━━━━━ The input ━━━━━
lemma integrable_constraint_slack:
  assumes "feasible_lottery P" "i < I"
  shows "integrable P (constraint_slack i h as)"
  using lottery_feasibleD(1,2)[OF assms(1)] cylinder_approximable_constraint_slack[OF assms(2)]
    abs_constraint_slack_le[OF _ assms(2)]
  by (rule integrable_cylinder_approximable)

lemma integral_constraint_slack_nonneg:
  assumes "feasible_lottery P" "fst h = s0" "as \<in> action_lists (hlen h)" "i < I"
  shows "0 \<le> (\<integral>a. constraint_slack i h as a \<partial>P)"
proof -
  have "(h, as) \<in> preH A (hlen h)" using assms(3) by (simp add: preH_eq shock_hists_def)
  then show ?thesis using assms unfolding lottery_feasible_def constraint_slack_def by fast
qed

lemma integral_penalty_term_nonneg:
  assumes lf: "feasible_lottery P" and nonneg: "\<And>i hh. 0 \<le> lam i hh"
  shows "integrable P (penalty_term lam t)" "0 \<le> integral\<^sup>L P (penalty_term lam t)"
proof -
  note int = integrable_constraint_slack[OF lf]
  show "integrable P (penalty_term lam t)"
    unfolding penalty_term_def by (intro Bochner_Integration.integrable_sum integrable_mult_right) (auto intro: int)
  define C where "C h as i = \<beta> ^ t * pit tp s0 h * lam i (h, as)" for h as i
  have int_i: "integrable P (\<lambda>a. \<Sum>i<I. C h as i * constraint_slack i h as a)" for h as
    by (intro Bochner_Integration.integrable_sum integrable_mult_right) (auto intro: int)
  have int_as: "integrable P (\<lambda>a. \<Sum>as\<in>action_lists t. \<Sum>i<I. C h as i * constraint_slack i h as a)" for h
    by (intro Bochner_Integration.integrable_sum int_i)
  have "integral\<^sup>L P (penalty_term lam t) = (\<Sum>h\<in>shock_hists t. \<Sum>as\<in>action_lists t. \<Sum>i<I.
      C h as i * (\<integral>a. constraint_slack i h as a \<partial>P))"
    unfolding penalty_term_def C_def[symmetric]
    by (simp add: Bochner_Integration.integral_sum int_as int_i int)
  also have "\<dots> = (\<Sum>h\<in>shock_hists t. \<Sum>as\<in>action_lists t. \<Sum>i<I.
      \<beta> ^ t * pit tp s0 h * lam i (h, as) * (\<integral>a. constraint_slack i h as a \<partial>P))"
    by (simp add: C_def)
  also have "\<dots> \<ge> 0"
  proof (intro sum_nonneg)
    fix h :: "'s hist" and as i
    assume hyps: "h \<in> shock_hists t" "as \<in> action_lists t" "i \<in> {..<I}"
    show "0 \<le> \<beta> ^ t * pit tp s0 h * lam i (h, as) * (\<integral>a. constraint_slack i h as a \<partial>P)"
    proof (cases "fst h = s0")
      case True
      with hyps have "0 \<le> (\<integral>a. constraint_slack i h as a \<partial>P)"
        by (intro integral_constraint_slack_nonneg[OF lf]) (auto simp: shock_hists_def)
      then show ?thesis using \<beta> nonneg pit_nonneg by (intro mult_nonneg_nonneg) auto
    next
      case False
      then show ?thesis by (simp add: pit_def)
    qed
  qed
  finally show "0 \<le> integral\<^sup>L P (penalty_term lam t)" .
qed

lemma integral_penalty_nonneg:
  assumes lf: "feasible_lottery P" and lam: "lam \<in> Lambda tp \<beta> A I s0"
  shows "integrable P (\<lambda>a. \<Sum>t. penalty_term lam t a)" "0 \<le> (\<integral>a. (\<Sum>t. penalty_term lam t a) \<partial>P)"
proof -
  interpret prob_space P using lottery_feasibleD(1)[OF lf] .
  have nonneg: "\<And>i hh. 0 \<le> lam i hh" and summable: "summable (\<lambda>t. slack_bound * multiplier_mass lam t)"
    using lam by (auto simp: Lambda_iff intro: summable_mult)
  note pen_t = integral_penalty_term_nonneg[OF lf nonneg]
  have bound: "norm (penalty_term lam t a) \<le> slack_bound * multiplier_mass lam t" if "a \<in> space P" for t a
    using abs_penalty_term_le[OF _ nonneg] that lottery_feasibleD(3)[OF lf] by simp
  have AE: "AE a in P. summable (\<lambda>t. norm (penalty_term lam t a))"
    using bound by (intro AE_I2 summable_comparison_test'[OF summable, of 0]) auto
  have int_norm: "(\<integral>a. norm (penalty_term lam t a) \<partial>P) \<le> slack_bound * multiplier_mass lam t" for t
    using integral_mono[of P _ "\<lambda>_. slack_bound * multiplier_mass lam t"] pen_t(1) bound by (simp add: prob_space)
  have summable_int: "summable (\<lambda>t. \<integral>a. norm (penalty_term lam t a) \<partial>P)"
    using int_norm by (intro summable_comparison_test'[OF summable, of 0]) auto
  show "integrable P (\<lambda>a. \<Sum>t. penalty_term lam t a)"
    by (rule integrable_suminf[OF pen_t(1) AE summable_int])
  have "(\<integral>a. (\<Sum>t. penalty_term lam t a) \<partial>P) = (\<Sum>t. integral\<^sup>L P (penalty_term lam t))"
    by (rule integral_suminf[OF pen_t(1) AE summable_int])
  moreover have "summable (\<lambda>t. integral\<^sup>L P (penalty_term lam t))"
  proof (rule summable_comparison_test'[OF summable, of 0])
    show "norm (integral\<^sup>L P (penalty_term lam t)) \<le> slack_bound * multiplier_mass lam t" for t
      using integral_norm_bound[of P "penalty_term lam t"] int_norm[of t] by linarith
  qed
  ultimately show "0 \<le> (\<integral>a. (\<Sum>t. penalty_term lam t a) \<partial>P)"
    by (simp add: suminf_nonneg pen_t(2))
qed

lemma weak_duality:
  assumes lf: "feasible_lottery P" and lam: "lam \<in> Lambda tp \<beta> A I s0"
  shows "ereal (\<integral>a. J a \<partial>P) \<le> (SUP a\<in>plans. ereal (Lag tp \<beta> \<zeta> r I g gbar \<gamma> x0 s0 a lam))"
proof -
  note P = lottery_feasibleD[OF lf]
  note penalty = integral_penalty_nonneg[OF lf lam]
  have J: "integrable P J"
    by (rule integrable_cylinder_approximable[OF P(1,2) cylinder_approximable_Jval Jval_bounds(2)])
  have Lag_eq: "Lag tp \<beta> \<zeta> r I g gbar \<gamma> x0 s0 a lam = J a + (\<Sum>t. penalty_term lam t a)"
    if "a \<in> space P" for a
    using Lag_eq_Jval_plus_penalty[OF _ lam] that P(3) by simp
  have Lag: "integrable P (\<lambda>a. Lag tp \<beta> \<zeta> r I g gbar \<gamma> x0 s0 a lam)"
    by (subst Bochner_Integration.integrable_cong[OF refl Lag_eq])
       (auto intro: Bochner_Integration.integrable_add[OF J penalty(1)])
  have "(\<integral>a. J a \<partial>P) \<le> (\<integral>a. J a \<partial>P) + (\<integral>a. (\<Sum>t. penalty_term lam t a) \<partial>P)"
    using penalty(2) by simp
  also have "\<dots> = (\<integral>a. J a + (\<Sum>t. penalty_term lam t a) \<partial>P)"
    by (rule Bochner_Integration.integral_add[OF J penalty(1), symmetric])
  also have "\<dots> = (\<integral>a. Lag tp \<beta> \<zeta> r I g gbar \<gamma> x0 s0 a lam \<partial>P)"
    by (rule Bochner_Integration.integral_cong[OF refl]) (simp add: Lag_eq)
  finally have "ereal (\<integral>a. J a \<partial>P) \<le> ereal (\<integral>a. Lag tp \<beta> \<zeta> r I g gbar \<gamma> x0 s0 a lam \<partial>P)"
    by simp
  also have "\<dots> \<le> (SUP a\<in>plans. ereal (Lag tp \<beta> \<zeta> r I g gbar \<gamma> x0 s0 a lam))"
    using integral_le_SUP[OF P(1) Lag] P(3) by simp
  finally show ?thesis .
qed

lemma Vval_le_Dval: "Vval tp \<beta> A p \<zeta> r I g gbar \<gamma> x0 s0 \<le> Dval tp \<beta> A p \<zeta> r I g gbar \<gamma> x0 s0"
  unfolding Vval_def Dval_def Jval_def[symmetric]
  by (intro SUP_least INF_greatest weak_duality) auto

section \<open>Finite mixtures of plans\<close>

definition constraint_index :: "nat \<Rightarrow> ('s hist \<times> (real^'n) list \<times> nat) set" where
  "constraint_index T = (SIGMA h:hists_upto T. SIGMA as:action_lists (hlen h). {..<I})"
━━━━━
**Exercise prompt**: Looking at the records above, which lines contain "plans"? Copy those lines.

**Answer box**:
  shows "ereal (\<integral>a. J a \<partial>P) \<le> (SUP a\<in>plans. ereal (Lag tp \<beta> \<zeta> r I g gbar \<gamma> x0 s0 a lam))"
  also have "\<dots> \<le> (SUP a\<in>plans. ereal (Lag tp \<beta> \<zeta> r I g gbar \<gamma> x0 s0 a lam))"
section \<open>Finite mixtures of plans\<close>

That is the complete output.